Keuze 4: kinderopvang / ouders

Casus 1

Roos is een peuter op het kinderdagverblijf. PM-ers geven aan dat Roos heel veel huilt. Ze lijkt niet goed in haar vel te zitten. Ze is vaak en snel moe. Op het kinderdagverblijf slaapt ze daarom 2 keer per dag. Ouders geven aan dat ze willen dat Roos maar 1 keer per dag slaapt omdat ze anders thuis niet meer slaapt. Ouders vinden dat het thuis goed met haar gaat. Hoewel moeder ook aangeeft dat Roos thuis soms heel driftig kan zijn of uit het niets kan gaan huilen. Moeder weet niet meer wat ze dan nog met Roos moet aanvangen. De kinderopvang adviseert het consultatiebureau in te schakelen; vader is het daar echter niet mee eens.
Hoe ga je ervoor zorgen dat dit gesprek rustig verloopt? Hoe ga je de ouders ervan overtuigen dat het consultatiebureau de beste manier is? Welke houding neem je aan? Welke vragen ga je stellen binnen dit gesprek?


Casus 2
Mees is drie-en-een-half als zijn ouders vanuit België naar Middelburg verhuizen. In België ging Mees vijf dagen per week van ’s morgens tot het eind van de middag naar school.
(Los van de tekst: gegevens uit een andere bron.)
lemma kernel_pair_integrable:
  assumes K: "bounded_kernel K" and f: "L2_unit f" and g: "integrable lborel g"
  shows "integrable (lborel \<Otimes>\<^sub>M lborel) (\<lambda>(x, y). g x * (K x y * f y))"
proof (rule lborel_pair.Fubini_integrable)
  have [measurable]: "case_prod K \<in> borel_measurable (lborel \<Otimes>\<^sub>M lborel)"
    "f \<in> borel_measurable lborel" "g \<in> borel_measurable lborel"
    using bounded_kernelD(1)[OF K] L2_unitD(1)[OF f] borel_measurable_integrable[OF g] by auto
  show "(\<lambda>(x, y). g x * (K x y * f y)) \<in> borel_measurable (lborel \<Otimes>\<^sub>M lborel)" by measurable
  show "AE x in lborel. integrable lborel (\<lambda>y. (\<lambda>(x, y). g x * (K x y * f y)) (x, y))"
    using integral_op_integrable[OF K f] by simp
  show "integrable lborel (\<lambda>x. \<integral>y. norm ((\<lambda>(x, y). g x * (K x y * f y)) (x, y)) \<partial>lborel)"
  proof (rule Bochner_Integration.integrable_bound[of _ "\<lambda>x. norm_L2 f * \<bar>g x\<bar>"])
    show "integrable lborel (\<lambda>x. norm_L2 f * \<bar>g x\<bar>)" using g by simp
    show "(\<lambda>x. \<integral>y. norm ((\<lambda>(x, y). g x * (K x y * f y)) (x, y)) \<partial>lborel) \<in> borel_measurable lborel"
      by measurable
    have "(\<integral>y. norm ((\<lambda>(x, y). g x * (K x y * f y)) (x, y)) \<partial>lborel)
        = \<bar>g x\<bar> * (\<integral>y. \<bar>K x y * f y\<bar> \<partial>lborel)" for x
      by (simp add: abs_mult)
    also have "\<dots> x \<le> \<bar>g x\<bar> * norm_L2 f" for x
      by (rule mult_left_mono[OF integral_abs_kernel_le_norm_L2[OF K f]]) simp
    finally show "AE x in lborel. norm (\<integral>y. norm ((\<lambda>(x, y). g x * (K x y * f y)) (x, y)) \<partial>lborel)
        \<le> norm (norm_L2 f * \<bar>g x\<bar>)"
      using norm_L2_nonneg[of f] by (intro AE_I2) (simp add: mult.commute)
  qed
qed

lemma integral_op_selfadjoint:
  assumes K: "bounded_kernel K" and f: "L2_unit f" and g: "L2_unit g"
    and sym: "\<And>x y. K x y = K y x"
  shows "inner_L2 (integral_op K f) g = inner_L2 f (integral_op K g)"
proof -
  have "inner_L2 (integral_op K f) g = (\<integral>x. (\<integral>y. g x * (K x y * f y) \<partial>lborel) \<partial>lborel)"
    unfolding inner_L2_def integral_op_def by (simp add: mult.commute)
  also have "\<dots> = (\<integral>y. (\<integral>x. g x * (K x y * f y) \<partial>lborel) \<partial>lborel)"
    using lborel_pair.Fubini_integral[OF kernel_pair_integrable[OF K f L2_unit_integrable[OF g]]]
    by simp
  also have "\<dots> = inner_L2 f (integral_op K g)"
    unfolding inner_L2_def integral_op_def by (simp add: sym ac_simps)
  finally show ?thesis .
qed

lemma integral_op_compose:
  assumes K: "bounded_kernel K" and L: "bounded_kernel L" and f: "L2_unit f"
  shows "integral_op K (integral_op L f) x = (\<integral>y. (\<integral>t. K x t * L t y \<partial>lborel) * f y \<partial>lborel)"
proof -
  have "integrable lborel (K x)"
    using L2_unit_integrable[OF L2_unit_bounded[of "K x" 1]] bounded_kernelD[OF K]
      bounded_kernel_measurable_row[OF K] by blast
  then have "integral_op K (integral_op L f) x = (\<integral>t. (\<integral>y. K x t * (L t y * f y) \<partial>lborel) \<partial>lborel)"
    unfolding integral_op_def by simp
  also have "\<dots> = (\<integral>y. (\<integral>t. K x t * (L t y * f y) \<partial>lborel) \<partial>lborel)"
    using lborel_pair.Fubini_integral[OF kernel_pair_integrable[OF L f \<open>integrable lborel (K x)\<close>]]
    by simp
  also have "\<dots> = (\<integral>y. (\<integral>t. K x t * L t y \<partial>lborel) * f y \<partial>lborel)"
    by (simp only: mult.assoc[symmetric] integral_mult_left_zero)
  finally show ?thesis .
qed

lemma integral_op_holder:
  assumes K: "bounded_kernel K" and f: "L2_unit f"
    and row: "\<And>t. holder_on_real \<beta> M Q (\<lambda>x. K x t)" and "M \<ge> 0"
  shows "holder_on_real \<beta> (M * norm_L2 f) Q (integral_op K f)"
  unfolding holder_on_real_def
proof (intro ballI)
  fix x x' assume xQ: "x \<in> Q" "x' \<in> Q"
  have i: "integrable lborel (\<lambda>t. K z t * f t)" for z by (rule integral_op_integrable[OF K f])
  have "\<bar>integral_op K f x - integral_op K f x'\<bar> = \<bar>\<integral>t. (K x t - K x' t) * f t \<partial>lborel\<bar>"
    unfolding integral_op_def using i[of x] i[of x'] by (simp add: left_diff_distrib)
  also have "\<dots> \<le> (\<integral>t. \<bar>(K x t - K x' t) * f t\<bar> \<partial>lborel)" by (rule integral_abs_bound)
  also have "\<dots> \<le> (\<integral>t. (M * \<bar>x - x'\<bar> powr \<beta>) * \<bar>f t\<bar> \<partial>lborel)"
  proof (rule Bochner_Integration.integral_mono)
    show "integrable lborel (\<lambda>t. \<bar>(K x t - K x' t) * f t\<bar>)"
      using i[of x] i[of x'] by (simp add: left_diff_distrib)
    show "integrable lborel (\<lambda>t. M * \<bar>x - x'\<bar> powr \<beta> * \<bar>f t\<bar>)"
      using L2_unit_integrable[OF f] by simp
    show "\<bar>(K x t - K x' t) * f t\<bar> \<le> M * \<bar>x - x'\<bar> powr \<beta> * \<bar>f t\<bar>" for t
      using row[of t] xQ unfolding abs_mult holder_on_real_def by (intro mult_right_mono) auto
  qed
  also have "\<dots> \<le> (M * \<bar>x - x'\<bar> powr \<beta>) * norm_L2 f"
    using integral_abs_le_norm_L2[OF f] \<open>M \<ge> 0\<close> by (simp add: mult_left_mono)
  finally show "\<bar>integral_op K f x - integral_op K f x'\<bar> \<le> M * norm_L2 f * \<bar>x - x'\<bar> powr \<beta>"
    by (simp add: ac_simps)
qed

lemma integral_op_compact:
  assumes K: "bounded_kernel K" and "finite P" "\<Union>P = {0..1}" "\<beta> > 0" "M \<ge> 0"
    and row: "\<And>Q t. Q \<in> P \<Longrightarrow> holder_on_real \<beta> M Q (\<lambda>x. K x t)"
    and F: "\<And>n. L2_unit (F n)" "\<And>n. norm_L2 (F n) \<le> 1"
  shows "\<exists>(r :: nat \<Rightarrow> nat) h. strict_mono r \<and> L2_unit h \<and>
    (\<lambda>n. norm_L2 (\<lambda>x. integral_op K (F (r n)) x - h x)) \<longlonglongrightarrow> 0"
proof -
  have "holder_on_real \<beta> M Q (integral_op K (F n))" if "Q \<in> P" for Q n
    using integral_op_holder[OF K F(1) row[OF that] \<open>M \<ge> 0\<close>] F(2)[of n] \<open>M \<ge> 0\<close>
    unfolding holder_on_real_def
    by (meson mult_right_mono mult_left_le order_trans powr_ge_zero)
  moreover have "\<bar>integral_op K (F n) x\<bar> \<le> 1" for n x
    using integral_op_bound[OF K F(1)] F(2) order_trans by blast
  moreover have "bounded Q" if "Q \<in> P" for Q
    using that \<open>\<Union>P = {0..1}\<close> by (metis Sup_upper bounded_closed_interval bounded_subset)
  ultimately obtain r g where r: "strict_mono (r :: nat \<Rightarrow> nat)"
    and lim: "uniform_limit {0..1} (\<lambda>n. integral_op K (F (r n))) g sequentially"
    using piecewise_holder_uniform_subseq[OF \<open>finite P\<close> _ \<open>\<beta> > 0\<close> \<open>M \<ge> 0\<close>, of "\<lambda>n. integral_op K (F n)" 1]
      \<open>\<Union>P = {0..1}\<close> by metis
  define h where "h x = (if x \<in> {0..1} then g x else 0)" for x
  have "uniform_limit {0..1} (\<lambda>n. integral_op K (F (r n))) h sequentially"
    using lim by (subst uniform_limit_cong'[where i = g]) (auto simp: h_def)
  moreover have "h x = 0" if "x \<notin> {0..1}" for x using that unfolding h_def by auto
  ultimately have "L2_unit h" "(\<lambda>n. norm_L2 (\<lambda>x. integral_op K (F (r n)) x - h x)) \<longlonglongrightarrow> 0"
    using uniform_limit_L2_unit[of "\<lambda>n. integral_op K (F (r n))" h] integral_op_L2[OF K F(1)]
    by auto
  then show ?thesis using r by blast
qed

lemma integral_op_compact_selfadjoint:
  assumes K: "bounded_kernel K" and sym: "\<And>x y. K x y = K y x"
    and "finite P" "\<Union>P = {0..1}" "\<beta> > 0" "M \<ge> 0"
    and row: "\<And>Q t. Q \<in> P \<Longrightarrow> holder_on_real \<beta> M Q (\<lambda>x. K x t)"
  shows "compact_selfadjoint_L2_op {f. L2_unit f} (integral_op K) 1"
proof (rule compact_selfadjoint_L2_op.intro[OF integral_op_bounded_linear[OF K]], unfold_locales)
  show "inner_L2 (integral_op K f) g = inner_L2 f (integral_op K g)"
    if "f \<in> {f. L2_unit f}" "g \<in> {f. L2_unit f}" for f g
    using integral_op_selfadjoint[OF K _ _ sym] that by simp
  show "\<exists>(r :: nat \<Rightarrow> nat) h. strict_mono r \<and> L2_unit h \<and>
      (\<lambda>n. norm_L2 (\<lambda>x. integral_op K (F (r n)) x - h x)) \<longlonglongrightarrow> 0"
    if "\<And>n. F n \<in> {f. L2_unit f}" "\<And>n. norm_L2 (F n) \<le> 1" for F
    by (rule integral_op_compact[OF K assms(3-6) row]) (use that in auto)
qed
Je geeft de ouders een rondleiding, moeder geeft aan dat Mees erg voorloopt op de anderen. Het lijkt haar niet passend dat hij straks ook tussen baby’s de dag doorbrengt. We zetten de rondleiding voort naar de peutergroep. Moeder ziet daar de uitsteekpuzzels met de rode knopjes erop en geeft aan dat Mees al puzzels van 100 stukjes maakt. Nu kunnen we het aanbod in de peutergroep wel aanpassen, maar omdat we slechts vier ochtenden peutergroep hebben en ouders opvang nodig hebben voor de hele week is dat niet echt een geschikte oplossing. Jij moet samen met de ouders kijken naar een passende oplossing, mocht dit niet lukken dan ga  je over in het slechtnieuwsgesprek (Mees kan niet opgenomen worden binnen de opvang).
Welke houding neem je aan? Hoe kun je tot een gezamenlijke oplossing komen? Hoe zorg je dat het gesprek rustig verloopt? Welke vragen stel je binnen dit gesprek?